Almost actually. My nine year anniversary is coming up this November. Obviously the experience isn't perfect (like the article mentions), but it's perfectly usable.
You don't have to look hard to see that the Emacs maintainers aren't actively hostile to non-free OSes. Android is another good example. The Emacs manual states "it must be necessary to consider Android proprietary software from a practical standpoint." and yet a good amount of work went in to adding support for Android.
I have. Emacs has never felt actively hostile to me. Rather (as I describe above), running Emacs with a window system has always felt a little jank... free OS or otherwise. (Honestly, Windows is where I've had the best experience.)

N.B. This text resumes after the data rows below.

(* Let $B>0$, $\mu>0$, and let $A:[0,\infty)\to[0,\infty)$ be such that \[ f(0)\;=\;\frac{B}{\mu}\int_0^\infty e^{-\mu\tau}A(\tau)\,d\tau \] is finite and $f(0)>1$. For $\theta\in(0,1]$ and $p>0$ let $F(\theta,p)$ denote the unique positive solution $x$ of \[ 1=\frac{B}{1+p-\theta}\int_0^\infty\!\!\int_0^\infty\Big(p\theta e^{-\theta a x}+(1+p)(1-\theta)e^{-(1+p)a x}\Big)e^{-\mu(a+\tau)}A(\tau)\,d\tau\,da, \] which equals \[ F(\theta,p)=\frac{\mu}{2}\left\{\Big(f(0)-\frac{1+p+\theta}{\theta(1+p)}\Big)+\sqrt{\Big(\frac{1+p+\theta}{\theta(1+p)}-f(0)\Big)^2+4\,\frac{f(0)-1}{\theta(1+p)}}\right\}. \] Then \[ \lim_{p\to\infty}F(\theta,p)=\begin{cases}0 & \text{if } \theta\le \frac{1}{f(0)},\\[2pt] \mu\big(f(0)-\frac{1}{\theta}\big) & \text{if } \frac{1}{f(0)}<\theta\le 1.\end{cases} \]
   Context: Age-structured epidemic model with vaccination and constant per-capita mortality rate $\mu$ (survival function $e^{-\mu a}$): $B$ is the constant birth rate, $A(\tau)$ the expected contribution to the force of infection of an individual infected $\tau$ time units ago, $\theta$ the vaccine parameter (vaccinated susceptibles are infected at $\theta$ times the force of infection), and the vaccination rate equals $p$ times the force of infection. $F(\theta,p)$ is the endemic force of infection and $f(0)$ the basic reproduction number. *)

theory Defs
  imports "HOL-Analysis.Analysis"
begin

definition f0 :: "real \<Rightarrow> real \<Rightarrow> (real \<Rightarrow> real) \<Rightarrow> real" where
  "f0 B \<mu> A = B / \<mu> * (LINT \<tau>:{0..}|lborel. exp (- \<mu> * \<tau>) * A \<tau>)"

definition endemic_rhs :: "real \<Rightarrow> real \<Rightarrow> (real \<Rightarrow> real) \<Rightarrow> real \<Rightarrow> real \<Rightarrow> real \<Rightarrow> real" where
  "endemic_rhs B \<mu> A \<theta> p x =
     B / (1 + p - \<theta>) *
     (LINT a:{0..}|lborel. LINT \<tau>:{0..}|lborel.
        (p * \<theta> * exp (- \<theta> * a * x) + (1 + p) * (1 - \<theta>) * exp (- (1 + p) * a * x))
        * exp (- \<mu> * (a + \<tau>)) * A \<tau>)"

definition F :: "real \<Rightarrow> real \<Rightarrow> (real \<Rightarrow> real) \<Rightarrow> real \<Rightarrow> real \<Rightarrow> real" where
  "F B \<mu> A \<theta> p = (THE x. x > 0 \<and> endemic_rhs B \<mu> A \<theta> p x = 1)"

end

theory Submission
  imports Defs "HOL-Probability.Sinc_Integral"
begin

text \<open>Integrating out the age a and the time since infection \<tau> turns the endemic equation into
  a quadratic equation for the force of infection x whose coefficients depend continuously on
  u = 1/(1 + p) and whose constant term is negative since f(0) > 1. Hence F(\<theta>, p) is its unique
  positive root, and as p \<rightarrow> \<infinity>, i.e. u \<rightarrow> 0, it tends to the non-negative root of the limiting
  equation \<theta> x^2 + \<mu> (1 - f(0) \<theta>) x = 0, namely max 0 (\<mu> (f(0) \<theta> - 1)) / \<theta>.\<close>

lemma integral_exp_neg_atLeast_0:
  fixes c :: real
  assumes "c > 0"
  shows "set_integrable lborel {0..} (\<lambda>a. exp (- c * a))"
    and "(LINT a:{0..}|lborel. exp (- c * a)) = 1 / c"
proof -
  have ae: "AE x in lborel. indicator {0<..} x *\<^sub>R exp (- c * x) = indicator {0..} x *\<^sub>R exp (- c * x)"
    using AE_lborel_singleton[of 0] by eventually_elim (auto split: split_indicator)
  have "set_integrable lborel {0<..} (\<lambda>a. exp (- c * a))"
    using integrable_I0i_exp_mscale[OF assms] by (simp add: mult.commute)
  then show "set_integrable lborel {0..} (\<lambda>a. exp (- c * a))"
    unfolding set_integrable_def by (rule integrable_cong_AE_imp[OF _ _ ae]) measurable
  have "(LINT a:{0..}|lborel. exp (- c * a)) = (LINT a:{0<..}|lborel. exp (- c * a))"
    unfolding set_lebesgue_integral_def using ae by (intro integral_cong_AE) auto
  also have "\<dots> = 1 / c"
    using LBINT_I0i_exp_mscale[OF assms] by (simp add: interval_lebesgue_integral_0_infty mult.commute)
  finally show "(LINT a:{0..}|lborel. exp (- c * a)) = 1 / c" .
qed

lemma endemic_rhs_closed_form:
  fixes B \<mu> \<theta> p x :: real and A :: "real \<Rightarrow> real"
  assumes "\<mu> > 0" "\<theta> > 0" "p > 0" "x > 0"
  shows "endemic_rhs B \<mu> A \<theta> p x = f0 B \<mu> A * \<mu> / (1 + p - \<theta>)
     * (p * \<theta> / (\<theta> * x + \<mu>) + (1 + p) * (1 - \<theta>) / ((1 + p) * x + \<mu>))"
proof -
  define I where "I = (LINT \<tau>:{0..}|lborel. exp (- \<mu> * \<tau>) * A \<tau>)"
  define c\<^sub>1 where "c\<^sub>1 = \<theta> * x + \<mu>"
  define c\<^sub>2 where "c\<^sub>2 = (1 + p) * x + \<mu>"
  have c\<^sub>1: "c\<^sub>1 > 0" and c\<^sub>2: "c\<^sub>2 > 0"
    unfolding c\<^sub>1_def c\<^sub>2_def using assms by (simp_all add: add_pos_pos)
  define g where "g a = p * \<theta> * exp (- c\<^sub>1 * a) + (1 + p) * (1 - \<theta>) * exp (- c\<^sub>2 * a)" for a
  have integrand: "(p * \<theta> * exp (- \<theta> * a * x) + (1 + p) * (1 - \<theta>) * exp (- (1 + p) * a * x))
        * exp (- \<mu> * (a + \<tau>)) * A \<tau> = g a * (exp (- \<mu> * \<tau>) * A \<tau>)" for a \<tau>
    unfolding g_def c\<^sub>1_def c\<^sub>2_def by (simp add: algebra_simps flip: exp_add)
  have "endemic_rhs B \<mu> A \<theta> p x = B / (1 + p - \<theta>) * (LINT a:{0..}|lborel. g a * I)"
    unfolding endemic_rhs_def integrand I_def set_integral_mult_right ..
  also have "(LINT a:{0..}|lborel. g a * I)
      = I * (p * \<theta> * (LINT a:{0..}|lborel. exp (- c\<^sub>1 * a))
             + (1 + p) * (1 - \<theta>) * (LINT a:{0..}|lborel. exp (- c\<^sub>2 * a)))"
    using integral_exp_neg_atLeast_0(1)[OF c\<^sub>1] integral_exp_neg_atLeast_0(1)[OF c\<^sub>2]
    unfolding g_def by (simp add: mult.commute)
  also have "\<dots> = I * (p * \<theta> / c\<^sub>1 + (1 + p) * (1 - \<theta>) / c\<^sub>2)"
    using integral_exp_neg_atLeast_0(2)[OF c\<^sub>1] integral_exp_neg_atLeast_0(2)[OF c\<^sub>2]
    by simp
  finally show ?thesis
    using assms(1) unfolding f0_def I_def c\<^sub>1_def c\<^sub>2_def by simp
qed

definition pos_quadratic_root :: "real \<Rightarrow> real \<Rightarrow> real \<Rightarrow> real" where
  "pos_quadratic_root a b c = (- b + sqrt (b^2 - 4 * a * c)) / (2 * a)"

lemma pos_quadratic_root_iff:
  fixes a b c x :: real
  assumes "a > 0" "c < 0"
  shows "x > 0 \<and> a * x^2 + b * x + c = 0 \<longleftrightarrow> x = pos_quadratic_root a b c"
proof -
  define r where "r = pos_quadratic_root a b c"
  define s where "s = sqrt (b^2 - 4 * a * c)"
  have disc: "b^2 < b^2 - 4 * a * c"
    using assms by (simp add: mult_pos_neg)
  then have "\<bar>b\<bar> < s"
    unfolding s_def by (metis real_sqrt_abs real_sqrt_less_iff)
  then have r_pos: "r > 0"
    unfolding r_def pos_quadratic_root_def s_def[symmetric] using assms(1) by simp
  have s_sq: "s^2 = b^2 - 4 * a * c"
    unfolding s_def using disc zero_le_power2[of b] by (intro real_sqrt_pow2) linarith
  have two_a_r: "2 * a * r = s - b"
    unfolding r_def pos_quadratic_root_def s_def[symmetric] using assms(1) by simp
  have "4 * a * (a * r^2 + b * r + c) = (2 * a * r)^2 + 2 * b * (2 * a * r) + 4 * a * c"
    by (simp add: algebra_simps power2_eq_square)
  also have "\<dots> = s^2 - b^2 + 4 * a * c"
    unfolding two_a_r by (simp add: algebra_simps power2_eq_square)
  finally have "4 * a * (a * r^2 + b * r + c) = s^2 - b^2 + 4 * a * c" .
  then have r_root: "a * r^2 + b * r + c = 0"
    using s_sq assms(1) by simp
  have "x = r" if "x > 0" "a * x^2 + b * x + c = 0" for x
  proof (rule ccontr)
    assume "x \<noteq> r"
    \<comment> \<open>Two distinct roots would have product c / a < 0.\<close>
    have "(x - r) * (a * (x + r) + b) = 0"
      using that(2) r_root by (simp add: algebra_simps power2_eq_square)
    with \<open>x \<noteq> r\<close> have "b = - a * (x + r)"
      by simp
    with that(2) have "c = a * x * r"
      by (simp add: algebra_simps power2_eq_square)
    with assms that(1) r_pos show False
      by (metis mult_pos_pos not_less_iff_gr_or_eq)
  qed
  with r_pos r_root show ?thesis
    unfolding r_def by blast
qed

lemma pos_quadratic_root_0:
  fixes a b :: real
  assumes "a > 0"
  shows "pos_quadratic_root a b 0 = max 0 (- b) / a"
  using assms unfolding pos_quadratic_root_def by (simp add: max_def)

lemma tendsto_pos_quadratic_root:
  fixes a b c :: "'a \<Rightarrow> real"
  assumes "(a \<longlongrightarrow> a\<^sub>0) G" "(b \<longlongrightarrow> b\<^sub>0) G" "(c \<longlongrightarrow> c\<^sub>0) G" "a\<^sub>0 \<noteq> 0"
  shows "((\<lambda>x. pos_quadratic_root (a x) (b x) (c x)) \<longlongrightarrow> pos_quadratic_root a\<^sub>0 b\<^sub>0 c\<^sub>0) G"
  unfolding pos_quadratic_root_def using assms by (intro tendsto_intros) auto

lemma endemic_equation_iff_quadratic:
  fixes f \<mu> \<theta> p x :: real
  assumes "\<mu> > 0" "0 < \<theta>" "\<theta> \<le> 1" "p > 0" "x > 0"
  shows "f * \<mu> / (1 + p - \<theta>) * (p * \<theta> / (\<theta> * x + \<mu>) + (1 + p) * (1 - \<theta>) / ((1 + p) * x + \<mu>)) = 1
    \<longleftrightarrow> \<theta> * x^2 + \<mu> * (\<theta> / (1 + p) + 1 - f * \<theta>) * x + \<mu>^2 * (1 - f) / (1 + p) = 0"
proof -
  define q where "q = 1 + p"
  have q: "q > 0" "q - \<theta> > 0"
    using assms unfolding q_def by auto
  have d\<^sub>1: "\<theta> * x + \<mu> > 0" and d\<^sub>2: "q * x + \<mu> > 0"
    using assms q by (simp_all add: add_pos_pos)
  have "p * \<theta> / (\<theta> * x + \<mu>) + q * (1 - \<theta>) / (q * x + \<mu>)
      = (q - \<theta>) * (q * \<theta> * x + \<mu>) / ((\<theta> * x + \<mu>) * (q * x + \<mu>))"
    using d\<^sub>1 d\<^sub>2 unfolding q_def by (simp add: field_simps)
  then have "f * \<mu> / (q - \<theta>) * (p * \<theta> / (\<theta> * x + \<mu>) + q * (1 - \<theta>) / (q * x + \<mu>))
      = f * \<mu> * (q * \<theta> * x + \<mu>) / ((\<theta> * x + \<mu>) * (q * x + \<mu>))"
    using q by simp
  then have "f * \<mu> / (q - \<theta>) * (p * \<theta> / (\<theta> * x + \<mu>) + q * (1 - \<theta>) / (q * x + \<mu>)) = 1
      \<longleftrightarrow> f * \<mu> * (q * \<theta> * x + \<mu>) = (\<theta> * x + \<mu>) * (q * x + \<mu>)"
    using d\<^sub>1 d\<^sub>2 by auto
  also have "\<dots> \<longleftrightarrow> q * (\<theta> * x^2 + \<mu> * (\<theta> / q + 1 - f * \<theta>) * x + \<mu>^2 * (1 - f) / q) = 0"
  proof -
    have "q * (\<theta> * x^2 + \<mu> * (\<theta> / q + 1 - f * \<theta>) * x + \<mu>^2 * (1 - f) / q)
        = (\<theta> * x + \<mu>) * (q * x + \<mu>) - f * \<mu> * (q * \<theta> * x + \<mu>)"
      using q(1) by (simp add: field_simps power2_eq_square)
    then show ?thesis
      by linarith
  qed
  also have "\<dots> \<longleftrightarrow> \<theta> * x^2 + \<mu> * (\<theta> / q + 1 - f * \<theta>) * x + \<mu>^2 * (1 - f) / q = 0"
    using q by simp
  finally show ?thesis
    unfolding q_def .
qed

lemma F_eq_pos_quadratic_root:
  fixes B \<mu> \<theta> p :: real and A :: "real \<Rightarrow> real"
  assumes "\<mu> > 0" "0 < \<theta>" "\<theta> \<le> 1" "p > 0" "f0 B \<mu> A > 1"
  shows "F B \<mu> A \<theta> p = pos_quadratic_root \<theta>
           (\<mu> * (\<theta> / (1 + p) + 1 - f0 B \<mu> A * \<theta>)) (\<mu>^2 * (1 - f0 B \<mu> A) / (1 + p))"
    (is "_ = ?r")
proof -
  have const_neg: "\<mu>^2 * (1 - f0 B \<mu> A) / (1 + p) < 0"
    using assms by (simp add: divide_neg_pos mult_pos_neg)
  have "x > 0 \<and> endemic_rhs B \<mu> A \<theta> p x = 1 \<longleftrightarrow> x = ?r" for x
  proof (cases "x > 0")
    case True
    have "endemic_rhs B \<mu> A \<theta> p x = 1 \<longleftrightarrow>
        \<theta> * x^2 + \<mu> * (\<theta> / (1 + p) + 1 - f0 B \<mu> A * \<theta>) * x
          + \<mu>^2 * (1 - f0 B \<mu> A) / (1 + p) = 0"
      unfolding endemic_rhs_closed_form[OF assms(1,2,4) True]
      by (rule endemic_equation_iff_quadratic[OF assms(1-4) True])
    with True show ?thesis
      using pos_quadratic_root_iff[OF assms(2) const_neg] by blast
  next
    case False
    then show ?thesis
      using pos_quadratic_root_iff[OF assms(2) const_neg] by blast
  qed
  then show ?thesis
    unfolding F_def by simp
qed

theorem mainTheorem3:
  fixes B \<mu> \<theta> :: real and A :: "real \<Rightarrow> real"
  assumes "B > 0" and "\<mu> > 0"
    and "\<And>\<tau>. \<tau> \<ge> 0 \<Longrightarrow> A \<tau> \<ge> 0"
    and "set_integrable lborel {0..} (\<lambda>\<tau>. exp (- \<mu> * \<tau>) * A \<tau>)"
    and "f0 B \<mu> A > 1"
    and "0 < \<theta>" and "\<theta> \<le> 1"
  shows "((\<lambda>p. F B \<mu> A \<theta> p) \<longlongrightarrow>
           (if \<theta> \<le> 1 / f0 B \<mu> A then 0 else \<mu> * (f0 B \<mu> A - 1 / \<theta>))) at_top"
proof -
  define f where "f = f0 B \<mu> A"
  have f: "f > 1"
    using assms(5) unfolding f_def .
  have eventually_eq: "\<forall>\<^sub>F p in at_top.
      pos_quadratic_root \<theta> (\<mu> * (\<theta> / (1 + p) + 1 - f * \<theta>)) (\<mu>^2 * (1 - f) / (1 + p)) = F B \<mu> A \<theta> p"
    using eventually_gt_at_top[of 0]
    by eventually_elim (simp add: F_eq_pos_quadratic_root assms f_def)
  have "filterlim (\<lambda>p::real. 1 + p) at_infinity at_top"
    by (intro filterlim_at_top_imp_at_infinity filterlim_tendsto_add_at_top[OF tendsto_const filterlim_ident])
  then have "((\<lambda>p. \<mu> * (\<theta> / (1 + p) + 1 - f * \<theta>)) \<longlongrightarrow> \<mu> * (0 + 1 - f * \<theta>)) at_top"
    and "((\<lambda>p. \<mu>^2 * (1 - f) / (1 + p)) \<longlongrightarrow> 0) at_top"
    by (intro tendsto_intros tendsto_divide_0[OF tendsto_const]; assumption)+
  then have lim: "((\<lambda>p. pos_quadratic_root \<theta> (\<mu> * (\<theta> / (1 + p) + 1 - f * \<theta>))
      (\<mu>^2 * (1 - f) / (1 + p))) \<longlongrightarrow> pos_quadratic_root \<theta> (\<mu> * (1 - f * \<theta>)) 0) at_top"
    using tendsto_pos_quadratic_root[OF tendsto_const] assms(6) by fastforce
  have lim_value: "pos_quadratic_root \<theta> (\<mu> * (1 - f * \<theta>)) 0
      = (if \<theta> \<le> 1 / f then 0 else \<mu> * (f - 1 / \<theta>))"
    using f assms(2,6) by (auto simp: pos_quadratic_root_0 max_def field_simps mult_le_0_iff)
  show ?thesis
    using Lim_transform_eventually[OF lim[unfolded lim_value] eventually_eq] unfolding f_def .
qed

end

Specific example: for a while, color emoji worked on macOS emacs perfectly. Then it was decided that since linux couldn't support it, it needed to be disabled on macOS, or else people might want to use a non-free system. It was removed for many years.
Is there _any_ other example? For years now, this is the only one I've ever seen brought up to support this point.
On the other side, there are many MacOS-specific features supported by Emacs, with the recently added dictation support being one of them. If a MacOS feature is missing, it's much more likely to be due to a lack of manpower than a desire to maintain feature parity with Linux.
For the entire 10 years I was a Mac user, a Japanese professor named Mitsuharu maintained a fork of Emacs with MacOS-specific features. I never came across any explanation for why the Emacs project didn't accept his changes (i.e., why he needed to maintain his own fork) other than some maintainers' wanting to discourage the use of non-Free OSes.
The good news is that this fork was very competently maintained, so I had a good experience in Emacs on OS X.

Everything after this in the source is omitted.